Downtown Elmhurst's best-kept secret might be hidden behind a standard brick exterior, but it houses no dental office. Upon entering this Middle Eastern restaurant, one's eye first meets a slick bar stacked with liquors and spirits that intoxicate upon sight. The main area that follows resembles a Mesopotamian theology lesson, complete with lush flowers creeping down the Doric columns towering over linen cloth tables. The walls are heavy with art depicting antique Assyrian and Babylonian battle scenes and weary faces.
The Athar represents the smoothest amalgamation of contemporary American and ancient Mesopotamian food. Those looking for a more delectable version of their favorite Americanized meal won’t turn away in disappointment, as the carnivorous portion of the menu promises rib eye, pork and lamb chops of inimitable taste. The melt-in-your-mouth cheesecake and chocolate fudge cake are a must-try dessert as well.
At the same time, every delicious menu item breathes of a Middle Eastern touch. A meal can leave a lingering and almost imperceptible hint of garlic and ginger, or radiate cinnamon and nutmeg. Hummus-lovers, beware: you might turn away from store-bought hummus after trying Athar's homemade version. The hummus also seems to complement all appetizers, starting with the dolmah (beef with rice and tomatoes wrapped in grape leaves) and ending with the more exotic sea scallops with white wine sauce and crab-stuffed mushrooms with garlic sauce. However, you will have to curb your enthusiasm and consume all entrees with care, as they are but a mouth-watering tease before the main courses. Even the simpler meals, such as the Mediterranean salad or the skewered filet mignon, will leave your taste buds reeling.

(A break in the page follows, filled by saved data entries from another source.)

(* Let $K\ge1$, $a>0$, $N\ge2$, $B>0$, let $J\subset\mathbb R$ be a bounded interval, $\xi_J\in\mathbb R$, and $\omega_J$ an interval of length $|J|^{-1}$ containing $\xi_J$. Let $\phi_J$ be a smooth function with $\mathrm{supp}\,\phi_J\subset u(K)J$ and $|\widehat{\phi_J}(\zeta)|\le Be^{-aK/12}|J|^{1/2}(|J||\zeta-\xi_J|)^{-N}$ for all $|\zeta-\xi_J|\ge2|J|^{-1}$. Set $\Xi(J)=5\omega_J\cap\frac{1}{3u(K)|J|}\mathbb Z$. If $h\in L^1(\mathbb R)$ is supported in $3u(K)J$ and satisfies $\int_{\mathbb R}h(x)e^{-2\pi i\zeta x}dx=0$ for all $\zeta\in\Xi(J)$, then $$|\langle h,|J|^{1/2}\phi_J\rangle|\le C e^{-aK/12}\|h\|_1,$$ with $C$ depending only on $B$ and $N$.
   Context: $u:[0,\infty)\to(0,\infty)$ is an increasing function (with $u(K)\ge1$ in the relevant range). For an interval $I$ and $c>0$, $cI$ is the interval with the same center and length $c|I|$. $\langle f,g\rangle=\int f\overline g$. $\widehat f(\xi)=\int f(x)e^{-2\pi ix\xi}dx$. *)

theory Defs
  imports "HOL-Analysis.Analysis"
begin

definition bdd_interval :: "real set \<Rightarrow> bool" where
  "bdd_interval I \<longleftrightarrow> is_interval I \<and> bounded I \<and> I \<noteq> {} \<and> Inf I < Sup I"

definition ilen :: "real set \<Rightarrow> real" where
  "ilen I = Sup I - Inf I"

definition icenter :: "real set \<Rightarrow> real" where
  "icenter I = (Sup I + Inf I) / 2"

definition iscale :: "real \<Rightarrow> real set \<Rightarrow> real set" where
  "iscale c I = {icenter I - c * ilen I / 2 .. icenter I + c * ilen I / 2}"

definition fourier :: "(real \<Rightarrow> complex) \<Rightarrow> real \<Rightarrow> complex" where
  "fourier f \<xi> = (LINT x|lborel. f x * cis (- 2 * pi * x * \<xi>))"

definition inner_L2 :: "(real \<Rightarrow> complex) \<Rightarrow> (real \<Rightarrow> complex) \<Rightarrow> complex" where
  "inner_L2 f g = (LINT x|lborel. f x * cnj (g x))"

definition L1_norm :: "(real \<Rightarrow> complex) \<Rightarrow> real" where
  "L1_norm f = (LINT x|lborel. norm (f x))"

definition supp :: "(real \<Rightarrow> complex) \<Rightarrow> real set" where
  "supp f = closure {x. f x \<noteq> 0}"

fun vderiv_iter :: "nat \<Rightarrow> (real \<Rightarrow> complex) \<Rightarrow> real \<Rightarrow> complex" where
  "vderiv_iter 0 f = f"
| "vderiv_iter (Suc n) f = (\<lambda>x. vector_derivative (vderiv_iter n f) (at x))"

definition smooth :: "(real \<Rightarrow> complex) \<Rightarrow> bool" where
  "smooth f \<longleftrightarrow> (\<forall>n x. vderiv_iter n f differentiable at x)"

end

theory Submission
  imports Defs "HOL-Library.Nat_Bijection"
begin

text \<open>Let \<open>L = 3 u(K) |J|\<close>. Since \<open>\<phi>\<^sub>J\<close> is supported well inside the period interval \<open>I\<close> of
  length \<open>L\<close> centred with \<open>J\<close> and its Fourier transform decays, \<open>\<phi>\<^sub>J\<close> agrees a.e. on \<open>I\<close> with its
  absolutely convergent Fourier series \<open>\<Sum>\<^sub>k L\<^sup>-\<^sup>1 fourier \<phi>\<^sub>J (k/L) cis (2\<pi>kx/L)\<close>. As \<open>h\<close> is supported
  in \<open>I\<close>, \<open>\<langle>h, \<phi>\<^sub>J\<rangle>\<close> becomes \<open>L\<^sup>-\<^sup>1 \<Sum>\<^sub>k fourier h (k/L) \<cdot> cnj (fourier \<phi>\<^sub>J (k/L))\<close>. The frequencies
  within \<open>2/|J|\<close> of \<open>\<xi>\<^sub>J\<close> lie in \<open>5\<omega>\<^sub>J\<close>, where \<open>fourier h\<close> vanishes; for the others one uses
  \<open>|fourier h| \<le> \<parallel>h\<parallel>\<^sub>1\<close> and the decay of \<open>fourier \<phi>\<^sub>J\<close>, and the points \<open>|J|(k/L - \<xi>\<^sub>J)\<close> form a
  lattice of spacing \<open>s = |J|/L \<le> 1/3\<close>, whose points of modulus \<open>\<ge> 2\<close> have \<open>\<Sum> |t|\<^sup>-\<^sup>N \<le> 2/s\<close>.
  This gives \<open>C = 2B\<close>. The Fourier inversion rests on uniqueness: a function on \<open>I\<close> orthogonal to
  all exponentials \<open>cis (2\<pi>kx/L)\<close> is orthogonal to \<open>\<phi>\<^sub>J\<close> (Stone-Weierstrass on the unit circle)
  and to the series.\<close>

section \<open>Lattice sums\<close>

lemma sum_inverse_square_progression_le:
  fixes s t :: real
  assumes "0 < s" "s < t"
  shows "(\<Sum>j<n. s / (t + real j * s)^2) \<le> 1/(t - s) - 1/(t + (real n - 1) * s)"
proof (induction n)
  case 0 then show ?case by simp
next
  case (Suc n)
  have ns: "0 \<le> real n * s" using assms by simp
  have e: "t + (real n - 1) * s = (t - s) + real n * s" by (simp add: algebra_simps)
  have p1: "t + (real n - 1) * s > 0" and p2: "t + real n * s > 0"
    unfolding e using assms ns by linarith+
  have "(t + (real n - 1) * s) * (t + real n * s) \<le> (t + real n * s)^2"
    unfolding power2_eq_square using p2 assms by (intro mult_right_mono) auto
  then have "s / (t + real n * s)^2 \<le> s / ((t + (real n - 1) * s) * (t + real n * s))"
    using p1 p2 assms by (intro divide_left_mono) auto
  also have "\<dots> = 1/(t + (real n - 1) * s) - 1/(t + real n * s)"
    using p1 p2 by (simp add: field_simps)
  finally show ?case using Suc by (simp add: algebra_simps)
qed

text \<open>Points of the lattice \<open>s\<int> - y\<close> to the right of \<open>2\<close>, compared with \<open>\<integral> dt/t\<^sup>2\<close>.\<close>
lemma sum_lattice_inverse_square_le:
  fixes s y :: real
  assumes s: "0 < s" "s \<le> 1/3" and S: "finite S" and far: "\<forall>k\<in>S. real_of_int k * s - y \<ge> 2"
  shows "(\<Sum>k\<in>S. s / (real_of_int k * s - y)^2) \<le> 1"
proof (cases "S = {}")
  case False
  define k0 where "k0 = Min S"
  define t where "t = real_of_int k0 * s - y"
  define n where "n = Suc (nat (Max S - k0))"
  have t: "t \<ge> 2" using far False S by (simp add: t_def k0_def)
  have "S \<subseteq> (\<lambda>j. k0 + int j) ` {..<n}"
  proof
    fix k assume k: "k \<in> S"
    then have "k0 \<le> k" "k \<le> Max S" using S by (auto simp: k0_def)
    then have "k = k0 + int (nat (k - k0))" "nat (k - k0) < n" by (auto simp: n_def)
    then show "k \<in> (\<lambda>j. k0 + int j) ` {..<n}" by blast
  qed
  then have "(\<Sum>k\<in>S. s / (real_of_int k * s - y)^2)
      \<le> (\<Sum>k\<in>(\<lambda>j. k0 + int j) ` {..<n}. s / (real_of_int k * s - y)^2)"
    using s by (intro sum_mono2) auto
  also have "\<dots> = (\<Sum>j<n. s / (t + real j * s)^2)"
    by (subst sum.reindex) (auto simp: inj_on_def t_def algebra_simps)
  also have "\<dots> \<le> 1/(t - s) - 1/(t + (real n - 1) * s)"
    using sum_inverse_square_progression_le[of s t n] s t by simp
  also have "\<dots> \<le> 1/(t - s)"
  proof -
    have "0 \<le> real n * s" using s by simp
    moreover have "t + (real n - 1) * s = (t - s) + real n * s" by (simp add: algebra_simps)
    ultimately have "0 < t + (real n - 1) * s" using s t by linarith
    then show ?thesis by simp
  qed
  also have "\<dots> \<le> 1" using s t by (simp add: divide_simps)
  finally show ?thesis .
qed simp

definition lattice_decay :: "real \<Rightarrow> real \<Rightarrow> real \<Rightarrow> int \<Rightarrow> real" where
  "lattice_decay s y N k =
     (if 2 \<le> \<bar>of_int k * s - y\<bar> then \<bar>of_int k * s - y\<bar> powr (-N) else 0)"

lemma lattice_decay_nonneg: "lattice_decay s y N k \<ge> 0"
  by (simp add: lattice_decay_def)

lemma sum_lattice_decay_le:
  fixes s y N :: real
  assumes s: "0 < s" "s \<le> 1/3" and N: "N \<ge> 2" and S: "finite S"
  shows "(\<Sum>k\<in>S. lattice_decay s y N k) \<le> 2 / s"
proof -
  define d where "d k = real_of_int k * s - y" for k
  let ?P = "{k\<in>S. d k \<ge> 2}" and ?M = "{k\<in>S. d k \<le> -2}"
  have pw: "s * lattice_decay s y N k \<le> (if k \<in> ?P \<union> ?M then s / (d k)^2 else 0)" if "k \<in> S" for k
  proof (cases "2 \<le> \<bar>d k\<bar>")
    case True
    have "\<bar>d k\<bar> powr (-N) \<le> \<bar>d k\<bar> powr (-2)" using True N by (intro powr_mono) auto
    also have "\<dots> = 1 / (d k)^2" using True by (simp add: powr_minus powr_numeral inverse_eq_divide)
    finally show ?thesis
      using True s that by (auto simp: lattice_decay_def d_def divide_simps mult_left_mono)
  qed (auto simp: lattice_decay_def d_def)
  have "s * (\<Sum>k\<in>S. lattice_decay s y N k) \<le> (\<Sum>k\<in>S. if k \<in> ?P \<union> ?M then s / (d k)^2 else 0)"
    unfolding sum_distrib_left using pw by (rule sum_mono)
  also have "\<dots> = (\<Sum>k\<in>?P \<union> ?M. s / (d k)^2)"
    using S by (intro sum.mono_neutral_cong_right) auto
  also have "\<dots> = (\<Sum>k\<in>?P. s / (d k)^2) + (\<Sum>k\<in>?M. s / (d k)^2)"
    using S by (intro sum.union_disjoint) auto
  also have "(\<Sum>k\<in>?P. s / (d k)^2) \<le> 1"
    unfolding d_def using S s by (intro sum_lattice_inverse_square_le) auto
  also have "(\<Sum>k\<in>?M. s / (d k)^2) = (\<Sum>k\<in>uminus ` ?M. s / (real_of_int k * s - (-y))^2)"
    by (subst sum.reindex) (auto simp: inj_on_def d_def power2_commute algebra_simps intro!: sum.cong)
  also have "\<dots> \<le> 1"
    using S s by (intro sum_lattice_inverse_square_le) (auto simp: d_def)
  finally show ?thesis using s by (simp add: field_simps)
qed

lemma summable_lattice_decay:
  fixes s y N :: real
  assumes "0 < s" "s \<le> 1/3" "N \<ge> 2"
  shows "summable (\<lambda>n. lattice_decay s y N (int_decode n))"
    and "(\<Sum>n. lattice_decay s y N (int_decode n)) \<le> 2 / s"
proof -
  have bound: "(\<Sum>n<m. lattice_decay s y N (int_decode n)) \<le> 2 / s" for m
    using sum_lattice_decay_le[OF assms, of "int_decode ` {..<m}" y]
    by (simp add: sum.reindex[OF inj_int_decode])
  show "summable (\<lambda>n. lattice_decay s y N (int_decode n))"
    using bound by (intro summableI_nonneg_bounded lattice_decay_nonneg)
  then show "(\<Sum>n. lattice_decay s y N (int_decode n)) \<le> 2 / s"
    using bound by (rule suminf_le_const)
qed

section \<open>Trigonometric polynomials\<close>

definition trig_polynomial :: "real \<Rightarrow> (real \<Rightarrow> complex) \<Rightarrow> bool" where
  "trig_polynomial w F \<longleftrightarrow>
     (\<exists>cs::(int \<times> complex) list. \<forall>x. F x = (\<Sum>(k, c)\<leftarrow>cs. c * cis (w * of_int k * x)))"

lemma trig_polynomial_const: "trig_polynomial w (\<lambda>x. c)"
  unfolding trig_polynomial_def by (rule exI[of _ "[(0, c)]"]) simp

lemma trig_polynomial_add:
  assumes "trig_polynomial w F" "trig_polynomial w G"
  shows "trig_polynomial w (\<lambda>x. F x + G x)"
proof -
  obtain cs ds where "\<forall>x. F x = (\<Sum>(k, c)\<leftarrow>cs. c * cis (w * of_int k * x))"
    and "\<forall>x. G x = (\<Sum>(k, c)\<leftarrow>ds. c * cis (w * of_int k * x))"
    using assms unfolding trig_polynomial_def by blast
  then have "\<forall>x. F x + G x = (\<Sum>(k, c)\<leftarrow>cs @ ds. c * cis (w * of_int k * x))" by simp
  then show ?thesis unfolding trig_polynomial_def by blast
qed

lemma trig_polynomial_mult_monomial:
  assumes "trig_polynomial w F"
  shows "trig_polynomial w (\<lambda>x. d * cis (w * of_int j * x) * F x)"
proof -
  obtain cs where F: "\<forall>x. F x = (\<Sum>(k, c)\<leftarrow>cs. c * cis (w * of_int k * x))"
    using assms unfolding trig_polynomial_def by blast
  have "d * cis (w * of_int j * x) * (\<Sum>(k, c)\<leftarrow>cs. c * cis (w * of_int k * x))
      = (\<Sum>(k, c)\<leftarrow>map (\<lambda>(k, c). (j + k, d * c)) cs. c * cis (w * of_int k * x))" for x
  proof (induction cs)
    case (Cons kc cs)
    obtain k c where kc: "kc = (k, c)" by force
    have "cis (w * of_int (j + k) * x) = cis (w * of_int j * x) * cis (w * of_int k * x)"
      by (simp add: cis_mult algebra_simps)
    then show ?case using Cons by (simp add: kc algebra_simps)
  qed simp
  then show ?thesis using F unfolding trig_polynomial_def by metis
qed

lemma trig_polynomial_mult:
  assumes F: "trig_polynomial w F" and G: "trig_polynomial w G"
  shows "trig_polynomial w (\<lambda>x. F x * G x)"
proof -
  obtain cs where "\<forall>x. F x = (\<Sum>(k, c)\<leftarrow>cs. c * cis (w * of_int k * x))"
    using F unfolding trig_polynomial_def by blast
  moreover have "trig_polynomial w (\<lambda>x. (\<Sum>(k, c)\<leftarrow>cs. c * cis (w * of_int k * x)) * G x)"
  proof (induction cs)
    case Nil then show ?case using trig_polynomial_const[of w 0] by simp
  next
    case (Cons kc cs)
    obtain k c where kc: "kc = (k, c)" by force
    have "trig_polynomial w (\<lambda>x. c * cis (w * of_int k * x) * G x
        + (\<Sum>(k, c)\<leftarrow>cs. c * cis (w * of_int k * x)) * G x)"
      by (intro trig_polynomial_add trig_polynomial_mult_monomial Cons G)
    then show ?case by (simp add: kc algebra_simps)
  qed
  ultimately show ?thesis by simp
qed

Before lunging toward the steaming plate in front of you, make sure that you choose a glass of red or white wine, or perhaps a cocktail to bring out the subtle flavors in your food of choice. Much like the hummus, Athar's superb drink menu completes each delicious bite of food. At this point, consider yourself lucky if you have enough room to finish the tasty symphony with some ataif, a phyllo pastry folded with walnuts and ricotta cheese, or the bourmah, a pistachio and walnut treat.
If your meal happens to be on a Saturday, don’t raise your hand for the check just yet. Just as you are about to dry the last sip of wine, the normally subdued flute, fiddle and frame drum sounds will grow to a crescendo. Sheer curtains part to reveal a sequin-clad, stomach-baring belly dancer. As she rolls her body in harmony with the music, she makes individual rest stops at each table to ensure you leave the restaurant full and in high spirits.